歌音のプレイングは、ここから始まるのだ!
「さぁ食育の時間がやってきました。……ディアボロだから食べるのは無理? ううん。あきらめたら、そこで試合は終わりだよ!」
正露丸とタルタルソースを手にして走りだす歌音。
「え……? 本気か……!?」
莉音がポカンと口を開いた。
任務だから参加したとはいえ、本来ゴキブリに触るのもイヤだと思っている彼にとって、『食う』などと考えるだけでも気色悪い。それにそもそも、これはゴキブリではない。あくまでも、G型のディアボロなのだ。

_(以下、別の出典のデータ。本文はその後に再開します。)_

lemma ratio_recurrence_lower_bound:
  fixes N :: "nat \<Rightarrow> real"
  assumes N1: "0 < N 1" and N2: "r * N 1 \<le> N 2"
    and d: "0 \<le> d" and s: "0 < s" "s \<le> r - real n * d"
    and rec: "\<And>k. 2 \<le> k \<Longrightarrow> k \<le> n \<Longrightarrow> (N k)\<^sup>2 \<le> N (k+1) * N (k-1) + d * N k * N (k-1)"
  shows "N 1 * s ^ n \<le> N (n+1)"
proof -
  have ratio_ge_s: "s \<le> r - real (k-1) * d" if "k \<le> n" for k
  proof -
    have "real (k-1) * d \<le> real n * d"
      using that d by (intro mult_right_mono) auto
    then show ?thesis using s(2) by linarith
  qed
  have ratio: "0 < N k \<and> (r - real (k-1) * d) * N k \<le> N (k+1)" if "1 \<le> k" "k \<le> n" for k
    using that
  proof (induction k)
    case (Suc k)
    show ?case
    proof (cases "k = 0")
      case True
      then show ?thesis using N1 N2 by (simp add: numeral_2_eq_2)
    next
      case False
      with Suc have IH: "0 < N k" "(r - real (k-1) * d) * N k \<le> N (k+1)" by auto
      have "0 < (r - real (k-1) * d) * N k"
        using IH(1) ratio_ge_s[of k] Suc.prems s(1) by simp
      with IH(2) have pos: "0 < N (k+1)" by linarith
      have "(r - real (k-1) * d) * N k * N (k+1) \<le> (N (k+1))\<^sup>2"
        using IH(2) pos by (simp add: power2_eq_square mult_right_mono)
      also have "\<dots> \<le> N (k+2) * N k + d * N (k+1) * N k"
        using rec[of "k+1"] Suc.prems False by simp
      finally have "(r - real k * d) * N (k+1) * N k \<le> N (k+2) * N k"
        using False by (simp add: of_nat_diff algebra_simps)
      then show ?thesis using IH(1) pos by simp
    qed
  qed simp
  have "N 1 * s ^ (k-1) \<le> N k" if "1 \<le> k" "k \<le> n + 1" for k
    using that
  proof (induction k)
    case (Suc k)
    show ?case
    proof (cases "k = 0")
      case False
      with Suc have IH: "N 1 * s ^ (k-1) \<le> N k" by simp
      have "N 1 * s ^ k = s * (N 1 * s ^ (k-1))"
        using False by (cases k) auto
      also have "\<dots> \<le> (r - real (k-1) * d) * N k"
        using IH ratio_ge_s[of k] Suc.prems N1 s(1) ratio[of k] False
        by (intro mult_mono) simp_all
      also have "\<dots> \<le> N (Suc k)"
        using ratio[of k] Suc.prems False by simp
      finally show ?thesis by simp
    qed simp
  qed simp
  from this[of "n+1"] show ?thesis by simp
qed

fun back_chain :: "(nat \<Rightarrow> real^'n^'n) \<Rightarrow> nat \<Rightarrow> real^'n \<Rightarrow> nat \<Rightarrow> real^'n" where
  "back_chain W L y 0 = y"
| "back_chain W L y (Suc k) = transpose (W (L - k)) *v back_chain W L y k"

lemma transpose_prod_mats_mult_back_chain:
  "k \<le> L \<Longrightarrow> transpose (prod_mats W L) *v y = transpose (prod_mats W (L - k)) *v back_chain W L y k"
proof (induction k)
  case (Suc k)
  have "L - k = Suc (L - Suc k)"
    using Suc.prems by simp
  then have "prod_mats W (L - k) = W (L - k) ** prod_mats W (L - Suc k)"
    by (metis prod_mats.simps(2))
  with Suc show ?case
    by (simp only: matrix_transpose_mul matrix_vector_mul_assoc[symmetric] back_chain.simps)
qed simp

locale near_balanced =
  fixes W :: "nat \<Rightarrow> real^'n^'n" and L :: nat and \<delta> \<epsilon> :: real
  assumes two_le_L: "2 \<le> L"
    and balanced: "\<And>l. 1 \<le> l \<Longrightarrow> l \<le> L - 2 \<Longrightarrow>
          spec_norm (transpose (W (l+1)) ** W (l+1) - W l ** transpose (W l)) \<le> \<delta>"
    and last_balanced: "spec_norm (mat 1 + (transpose (W L) ** W L - W (L-1) ** transpose (W (L-1)))) \<le> \<epsilon>"
begin

lemma eps_nonneg: "0 \<le> \<epsilon>"
  using last_balanced spec_norm_nonneg order_trans by blast

lemma layer_gap:
  assumes "1 \<le> l" "l \<le> L - 2"
  shows "\<bar>(norm (W (l+1) *v x))\<^sup>2 - (norm (transpose (W l) *v x))\<^sup>2\<bar> \<le> \<delta> * (norm x)\<^sup>2"
proof -
  have "\<bar>inner x ((transpose (W (l+1)) ** W (l+1) - W l ** transpose (W l)) *v x)\<bar> \<le> \<delta> * (norm x)\<^sup>2"
    using abs_inner_mult_le balanced[OF assms] mult_right_mono[OF _ zero_le_power2] order_trans by blast
  then show ?thesis by (simp only: inner_balance_form)
qed

lemma last_layer_gap:
  "\<bar>(norm x)\<^sup>2 + (norm (W L *v x))\<^sup>2 - (norm (transpose (W (L-1)) *v x))\<^sup>2\<bar> \<le> \<epsilon> * (norm x)\<^sup>2"
proof -
  have "\<bar>inner x ((mat 1 + (transpose (W L) ** W L - W (L-1) ** transpose (W (L-1)))) *v x)\<bar>
      \<le> \<epsilon> * (norm x)\<^sup>2"
    using abs_inner_mult_le last_balanced mult_right_mono[OF _ zero_le_power2] order_trans by blast
  then show ?thesis
    unfolding inner_shifted_form inner_balance_form by (simp only: add_diff_eq)
qed

lemma spec_norm_layer_sq_le:
  assumes "1 \<le> l" "l \<le> L - 2"
  shows "(spec_norm (W l))\<^sup>2 \<le> (spec_norm (W (l+1)))\<^sup>2 + \<delta>"
proof -
  have "(norm (transpose (W l) *v x))\<^sup>2 \<le> (norm (W (l+1) *v x))\<^sup>2 + \<delta> * (norm x)\<^sup>2" for x
    using layer_gap[OF assms, of x] by (simp add: abs_le_iff)
  then show ?thesis by (rule spec_norm_sq_le_of_dominated)
qed

lemma spec_norm_last_sq_le: "(spec_norm (W (L-1)))\<^sup>2 \<le> 1 + (spec_norm (W L))\<^sup>2 + \<epsilon>"
  using spec_norm_sq_le_of_dominated[of "W (L-1)" "W L" "1 + \<epsilon>"] last_layer_gap
  by (simp add: abs_le_iff algebra_simps)

lemma spec_norm_layer_sq_bound:
  assumes "1 \<le> l" "l \<le> L - 1"
  shows "(spec_norm (W l))\<^sup>2 \<le> 1 + (spec_norm (W L))\<^sup>2 + \<epsilon> + real (L - 1 - l) * max \<delta> 0"
proof -
  have "(spec_norm (W (L - 1 - k)))\<^sup>2 \<le> 1 + (spec_norm (W L))\<^sup>2 + \<epsilon> + real k * max \<delta> 0"
    if "k \<le> L - 2" for k
    using that
  proof (induction k)
    case 0
    then show ?case using spec_norm_last_sq_le by simp
  next
    case (Suc k)
    then have "(spec_norm (W (L - 1 - Suc k)))\<^sup>2 \<le> (spec_norm (W (L - 1 - k)))\<^sup>2 + \<delta>"
      using spec_norm_layer_sq_le[of "L - 1 - Suc k"] by (simp add: Suc_diff_Suc)
    with Suc show ?case by (simp add: algebra_simps)
  qed
  from this[of "L - 1 - l"] assms show ?thesis by simp
qed

lemma max_spec_norm_sq_le:
  "(max (Max ((\<lambda>l. spec_norm (W l)) ` {1..L-1})) 1)\<^sup>2 \<le> 1 + (spec_norm (W L))\<^sup>2 + \<epsilon> + real L * max \<delta> 0"
proof -
  obtain l where l: "l \<in> {1..L-1}" and "Max ((\<lambda>l. spec_norm (W l)) ` {1..L-1}) = spec_norm (W l)"
    using Max_in[of "(\<lambda>l. spec_norm (W l)) ` {1..L-1}"] two_le_L by fastforce
  moreover have "(spec_norm (W l))\<^sup>2 \<le> 1 + (spec_norm (W L))\<^sup>2 + \<epsilon> + real L * max \<delta> 0"
    using spec_norm_layer_sq_bound[of l] l mult_right_mono[of "real (L - 1 - l)" "real L" "max \<delta> 0"]
    by fastforce
  ultimately show ?thesis
    using eps_nonneg spec_norm_nonneg by (simp add: max_def)
qed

「待て待て。待つのじゃ。いくらなんでも、それはやめておくべきじゃろ」
イオが引き止めた。
「たしかに、そればかりはやめておくべきだの」と、樹も同意する。
「やめろって言われれば言われるほど、やりたくなるよねっ♪」
天性の暴走キャラ、歌音テンペスト。一度やろうと思ったことは最後までやりきらないと気が済まないのである。

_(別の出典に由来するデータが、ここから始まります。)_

lemma iid_expectation_normalized_sum_tail_le:
  fixes L :: real
  assumes S: "finite S" and p_nonneg: "\<forall>s\<in>S. 0 \<le> p s" and p_sum: "(\<Sum>s\<in>S. p s) = 1"
    and centred: "\<forall>j\<in>J. (\<Sum>s\<in>S. p s * a s j) = 0" and "finite J" and "0 < L"
  shows "iid_expectation S p n (\<lambda>v. if \<exists>j\<in>J. L \<le> \<bar>normalized_sum a n v j\<bar> then 1 else 0)
       \<le> (\<Sum>j\<in>J. \<Sum>s\<in>S. p s * (a s j)\<^sup>2) / L\<^sup>2"
proof (cases "n = 0")
  case True
  have "0 \<le> (\<Sum>j\<in>J. \<Sum>s\<in>S. p s * (a s j)\<^sup>2)"
    using p_nonneg by (intro sum_nonneg) auto
  then show ?thesis
    using True \<open>0 < L\<close> by (simp add: iid_expectation_def normalized_sum_def)
next
  case False
  let ?Y = "normalized_sum a n"
  have "(if \<exists>j\<in>J. L \<le> \<bar>?Y v j\<bar> then 1 else 0) \<le> (\<Sum>j\<in>J. (?Y v j)\<^sup>2 / L\<^sup>2)" for v
  proof (cases "\<exists>j\<in>J. L \<le> \<bar>?Y v j\<bar>")
    case True
    then obtain j where "j \<in> J" "L \<le> \<bar>?Y v j\<bar>" by blast
    then have "1 \<le> (?Y v j)\<^sup>2 / L\<^sup>2"
      using \<open>0 < L\<close> by (simp add: abs_le_square_iff[symmetric])
    also have "\<dots> \<le> (\<Sum>j\<in>J. (?Y v j)\<^sup>2 / L\<^sup>2)"
      using \<open>finite J\<close> \<open>j \<in> J\<close> by (intro member_le_sum) auto
    finally show ?thesis using True by simp
  qed (simp add: sum_nonneg)
  then have "iid_expectation S p n (\<lambda>v. if \<exists>j\<in>J. L \<le> \<bar>?Y v j\<bar> then 1 else 0)
      \<le> iid_expectation S p n (\<lambda>v. \<Sum>j\<in>J. (?Y v j)\<^sup>2 / L\<^sup>2)"
    by (intro iid_expectation_mono[OF p_nonneg])
  also have "\<dots> = (\<Sum>j\<in>J. iid_expectation S p n (\<lambda>v. (?Y v j)\<^sup>2)) / L\<^sup>2"
    using iid_expectation_mult_left[of S p n "1 / L\<^sup>2"]
    by (simp add: iid_expectation_sum sum_divide_distrib)
  also have "\<dots> = (\<Sum>j\<in>J. \<Sum>s\<in>S. p s * (a s j)\<^sup>2) / L\<^sup>2"
    using iid_expectation_normalized_sum_sq[OF S p_sum] centred False by simp
  finally show ?thesis .
qed

section \<open>Convergence of characteristic functions\<close>

lemma tendsto_const_div_sqrt_0: "(\<lambda>n. c / sqrt (real n)) \<longlonglongrightarrow> 0"
proof -
  have "(\<lambda>n. c * sqrt (inverse (real n))) \<longlonglongrightarrow> c * sqrt 0"
    by (intro tendsto_intros tendsto_inverse_0_at_top filterlim_real_sequentially)
  then show ?thesis
    by (simp add: real_sqrt_inverse divide_inverse)
qed

lemma tendsto_cis_second_order:
  "(\<lambda>n. of_nat n * (cis (x / sqrt n) - 1 - \<i> * of_real (x / sqrt n))) \<longlonglongrightarrow> complex_of_real (- x\<^sup>2 / 2)"
proof -
  have bound: "norm (of_nat n * (cis (x / sqrt n) - 1 - \<i> * of_real (x / sqrt n)) - of_real (- x\<^sup>2 / 2))
          \<le> \<bar>x\<bar> ^ 3 / 6 / sqrt n" if "0 < n" for n
  proof -
    define y where "y = x / sqrt n"
    have "real n * y\<^sup>2 = x\<^sup>2"
      using \<open>0 < n\<close> by (simp add: y_def power_divide)
    then have x2: "complex_of_real (- x\<^sup>2 / 2) = - of_nat n * of_real (y\<^sup>2) / 2"
      by (simp flip: \<open>real n * y\<^sup>2 = x\<^sup>2\<close>)
    have taylor2: "(\<Sum>k\<le>2. (\<i> * complex_of_real y) ^ k / fact k) = 1 + \<i> * y - of_real (y\<^sup>2) / 2"
      by (simp add: eval_nat_numeral power2_eq_square algebra_simps)
    have "of_nat n * (cis y - 1 - \<i> * of_real y) - of_real (- x\<^sup>2 / 2)
        = of_nat n * (iexp y - (\<Sum>k\<le>2. (\<i> * y) ^ k / fact k))"
      unfolding x2 taylor2 cis_conv_exp by (simp add: algebra_simps)
    also have "norm \<dots> = n * norm (iexp y - (\<Sum>k\<le>2. (\<i> * y) ^ k / fact k))"
      by (simp add: norm_mult)
    also have "\<dots> \<le> n * (\<bar>y\<bar> ^ 3 / fact 3)"
      using iexp_approx1[of y 2] by (intro mult_left_mono) (auto simp: eval_nat_numeral)
    also have "\<dots> = \<bar>x\<bar> ^ 3 / 6 / sqrt n"
    proof -
      have "\<bar>y\<bar> ^ 3 = \<bar>x\<bar> ^ 3 / (sqrt n) ^ 3"
        by (simp add: y_def power_divide abs_div)
      moreover have "(sqrt n) ^ 3 = n * sqrt n"
        by (simp add: eval_nat_numeral)
      moreover have "0 < sqrt n"
        using \<open>0 < n\<close> by simp
      ultimately show ?thesis
        using \<open>0 < n\<close> by (simp add: fact_numeral field_simps)
    qed
    finally show ?thesis unfolding y_def .
  qed
  have "(\<lambda>n. of_nat n * (cis (x / sqrt n) - 1 - \<i> * of_real (x / sqrt n)) - of_real (- x\<^sup>2 / 2)) \<longlonglongrightarrow> 0"
    by (rule Lim_null_comparison[OF _ tendsto_const_div_sqrt_0[of "\<bar>x\<bar> ^ 3 / 6"]])
      (use bound in \<open>auto intro!: eventually_sequentiallyI[of 1]\<close>)
  then show ?thesis
    by (rule LIM_zero_cancel)
qed

lemma power_tendsto_exp:
  fixes \<phi> :: "nat \<Rightarrow> complex"
  assumes norm_le_1: "\<And>n. norm (\<phi> n) \<le> 1" and "c \<le> 0"
    and lim: "(\<lambda>n. of_nat n * (\<phi> n - 1)) \<longlonglongrightarrow> of_real c"
  shows "(\<lambda>n. \<phi> n ^ n) \<longlonglongrightarrow> of_real (exp c)"
proof -
  let ?\<psi> = "\<lambda>n. 1 + of_real c / of_nat n :: complex"
  have "eventually (\<lambda>n. norm (\<phi> n ^ n - ?\<psi> n ^ n) \<le> norm (of_nat n * (\<phi> n - 1) - of_real c)) sequentially"
  proof (rule eventually_sequentiallyI[of "nat \<lceil>- c\<rceil> + 1"])
    fix n assume n: "nat \<lceil>- c\<rceil> + 1 \<le> n"
    have "norm (?\<psi> n) = \<bar>1 + c / n\<bar>"
      by (metis norm_of_real of_real_1 of_real_add of_real_divide of_real_of_nat_eq)
    also have "\<dots> \<le> 1"
    proof -
      have "real (nat \<lceil>- c\<rceil> + 1) \<le> real n"
        using n by (simp only: of_nat_le_iff)
      then have "- c < n"
        using real_nat_ceiling_ge[of "- c"] by simp
      then show ?thesis
        using \<open>c \<le> 0\<close> by (auto simp: abs_if field_simps)
    qed
    finally have "norm (\<phi> n ^ n - ?\<psi> n ^ n) \<le> n * norm (\<phi> n - ?\<psi> n)"
      by (intro norm_power_diff norm_le_1)
    also have "\<dots> = norm (of_nat n * (\<phi> n - ?\<psi> n))"
      by (simp add: norm_mult)
    also have "of_nat n * (\<phi> n - ?\<psi> n) = of_nat n * (\<phi> n - 1) - of_real c"
      using n by (simp add: field_simps)
    finally show "norm (\<phi> n ^ n - ?\<psi> n ^ n) \<le> norm (of_nat n * (\<phi> n - 1) - of_real c)" .
  qed
  moreover have "(\<lambda>n. norm (of_nat n * (\<phi> n - 1) - of_real c)) \<longlonglongrightarrow> 0"
    using lim by (simp add: tendsto_norm_zero_iff LIM_zero_iff)
  ultimately have "(\<lambda>n. \<phi> n ^ n - ?\<psi> n ^ n) \<longlonglongrightarrow> 0"
    by (rule Lim_null_comparison)
  moreover have "(\<lambda>n. ?\<psi> n ^ n) \<longlonglongrightarrow> of_real (exp c)"
    using tendsto_of_real[OF tendsto_exp_limit_sequentially[of c], where 'a=complex] by simp
  ultimately show ?thesis
    by (rule Lim_transform[rotated])
qed

lemma char_normalized_step_power_tendsto:
  assumes S: "finite S" and p_nonneg: "\<forall>s\<in>S. 0 \<le> p s" and p_sum: "(\<Sum>s\<in>S. p s) = 1"
    and centred: "(\<Sum>s\<in>S. p s * \<theta> s) = 0"
  shows "(\<lambda>n. (\<Sum>s\<in>S. of_real (p s) * cis (\<theta> s / sqrt n)) ^ n)
           \<longlonglongrightarrow> of_real (exp (-(\<Sum>s\<in>S. p s * (\<theta> s)\<^sup>2) / 2))"
proof (rule power_tendsto_exp)
  let ?\<phi> = "\<lambda>n. \<Sum>s\<in>S. of_real (p s) * cis (\<theta> s / sqrt n)"
  show "norm (?\<phi> n) \<le> 1" for n
  proof -
    have "norm (?\<phi> n) \<le> (\<Sum>s\<in>S. norm (of_real (p s) * cis (\<theta> s / sqrt n)))"
      by (rule norm_sum)
    also have "\<dots> = (\<Sum>s\<in>S. p s)"
      using p_nonneg by (intro sum.cong) (auto simp: norm_mult)
    finally show ?thesis using p_sum by simp
  qed
  show "- (\<Sum>s\<in>S. p s * (\<theta> s)\<^sup>2) / 2 \<le> 0"
    using p_nonneg by (auto intro!: sum_nonneg)
  text \<open>Centring removes the first-order term of the expansion of \<open>cis\<close>.\<close>
  have "of_nat n * (?\<phi> n - 1) = (\<Sum>s\<in>S. of_real (p s) *
       (of_nat n * (cis (\<theta> s / sqrt n) - 1 - \<i> * of_real (\<theta> s / sqrt n))))" for n
  proof -
    have "(\<Sum>s\<in>S. of_real (p s) * (\<i> * of_real (\<theta> s / sqrt n)))
        = \<i> / of_real (sqrt n) * of_real (\<Sum>s\<in>S. p s * \<theta> s)"
      by (simp add: sum_distrib_left algebra_simps)
    then have "(\<Sum>s\<in>S. of_real (p s) * (\<i> * of_real (\<theta> s / sqrt n))) = 0"
      using centred by simp
    moreover have "(\<Sum>s\<in>S. complex_of_real (p s)) = 1"
      using p_sum by (simp flip: of_real_sum)
    ultimately have "?\<phi> n - 1 = (\<Sum>s\<in>S. of_real (p s) *
        (cis (\<theta> s / sqrt n) - 1 - \<i> * of_real (\<theta> s / sqrt n)))"
      by (simp add: algebra_simps sum_subtractf sum.distrib)
    then show ?thesis
      by (simp add: sum_distrib_left algebra_simps)
  qed
  moreover have "(\<lambda>n. \<Sum>s\<in>S. of_real (p s) *
       (of_nat n * (cis (\<theta> s / sqrt n) - 1 - \<i> * of_real (\<theta> s / sqrt n))))
       \<longlonglongrightarrow> (\<Sum>s\<in>S. of_real (p s) * of_real (- (\<theta> s)\<^sup>2 / 2))"
    by (intro tendsto_sum tendsto_mult_left tendsto_cis_second_order)
  moreover have "(\<Sum>s\<in>S. of_real (p s) * of_real (- (\<theta> s)\<^sup>2 / 2))
      = complex_of_real (- (\<Sum>s\<in>S. p s * (\<theta> s)\<^sup>2) / 2)"
    by (simp add: sum_divide_distrib sum_negf)
  ultimately show "(\<lambda>n. of_nat n * (?\<phi> n - 1)) \<longlonglongrightarrow> complex_of_real (- (\<Sum>s\<in>S. p s * (\<theta> s)\<^sup>2) / 2)"
    by simp
qed

section \<open>Trigonometric polynomials\<close>

inductive_set trig_polys :: "nat set \<Rightarrow> ((nat \<Rightarrow> real) \<Rightarrow> complex) set" for J where
  cis_linear: "(\<lambda>x. c * cis (\<Sum>j\<in>J. t j * x j)) \<in> trig_polys J"
| add: "f \<in> trig_polys J \<Longrightarrow> g \<in> trig_polys J \<Longrightarrow> (\<lambda>x. f x + g x) \<in> trig_polys J"

lemma trig_polys_const: "(\<lambda>x. c) \<in> trig_polys J"
  using trig_polys.cis_linear[of c "\<lambda>_. 0" J] by simp

lemma trig_polys_mult:
  assumes "f \<in> trig_polys J" and "g \<in> trig_polys J"
  shows "(\<lambda>x. f x * g x) \<in> trig_polys J"
  using assms
proof (induction f rule: trig_polys.induct)
  case (cis_linear c t)
  from cis_linear.prems show ?case
  proof (induction g rule: trig_polys.induct)
    case (cis_linear c' t')
    have "(\<lambda>x. c * cis (\<Sum>j\<in>J. t j * x j) * (c' * cis (\<Sum>j\<in>J. t' j * x j)))
        = (\<lambda>x. (c * c') * cis (\<Sum>j\<in>J. (t j + t' j) * x j))"
    proof
      fix x
      have "cis (\<Sum>j\<in>J. t j * x j) * cis (\<Sum>j\<in>J. t' j * x j) = cis (\<Sum>j\<in>J. (t j + t' j) * x j)"
        by (simp add: cis_mult distrib_right sum.distrib)
      then show "c * cis (\<Sum>j\<in>J. t j * x j) * (c' * cis (\<Sum>j\<in>J. t' j * x j))
          = (c * c') * cis (\<Sum>j\<in>J. (t j + t' j) * x j)"
        by (metis mult.assoc mult.left_commute)
    qed
    then show ?case
      by (simp only: trig_polys.cis_linear)
  next
    case (add g1 g2)
    then show ?case
      by (simp add: distrib_left trig_polys.add)
  qed
next
  case (add f1 f2)
  then show ?case
    by (simp add: distrib_right trig_polys.add)
qed

lemma trig_polys_prod:
  "finite I \<Longrightarrow> (\<And>i. i \<in> I \<Longrightarrow> f i \<in> trig_polys J) \<Longrightarrow> (\<lambda>x. \<Prod>i\<in>I. f i x) \<in> trig_polys J"
  by (induction I rule: finite_induct) (auto intro: trig_polys_mult trig_polys_const)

周囲の制止を振り切って、歌音はほどよく焼けたゴキボロを選別。
ていねいに殻をむき、脚や触覚を切り落として、腹を割く。
ワタ(内臓)を掻き出して、やわらかい可食部にタルタルソースをかけると、なんだかそれなりに食べられそうな雰囲気に──
──ならないよ!
見た目的にも倫理的にも人道的にもMS的にも、ありとあらゆる観点からアウトですよ!
やめてください、歌音さーん!
「いただきまーす!」
すべてを無視して実食開始のあいさつをする歌音。
「うわあああ! やめるでござるぅぅぅ!」
源一が悲鳴をあげた。
その背中には、桜花がブルブル震えながらしがみついている。
歌音は気にも留めず、箸でつまんだ肉を──
次の瞬間、歌音の口に謎の物体Xが投げ込まれた。
サラが絶妙のピッチングで投げつけたのだ。
「んぼふっ!?」
鼻と耳から白煙を噴き上げて、歌音はバッタリ倒れた。
ある意味、ゴキボロを食うより恐ろしい体験をしてしまった歌音。ヘタすれば重体判定を食らってもおかしくないところだった。
「ナイスでござる、サラ殿」と、源一。
「まったく、危ないところじゃったのう」
イオが苦い顔で呟く。
「ったく、なにやってんだか……」
Sadikは興味なさげに言い捨てた。
「でも、これでよかったのかな……」
地面に倒れたまま耳の穴からブスブスと煙を吐き出す歌音を見下ろして、サラは誰にともなく問いかけるのだった。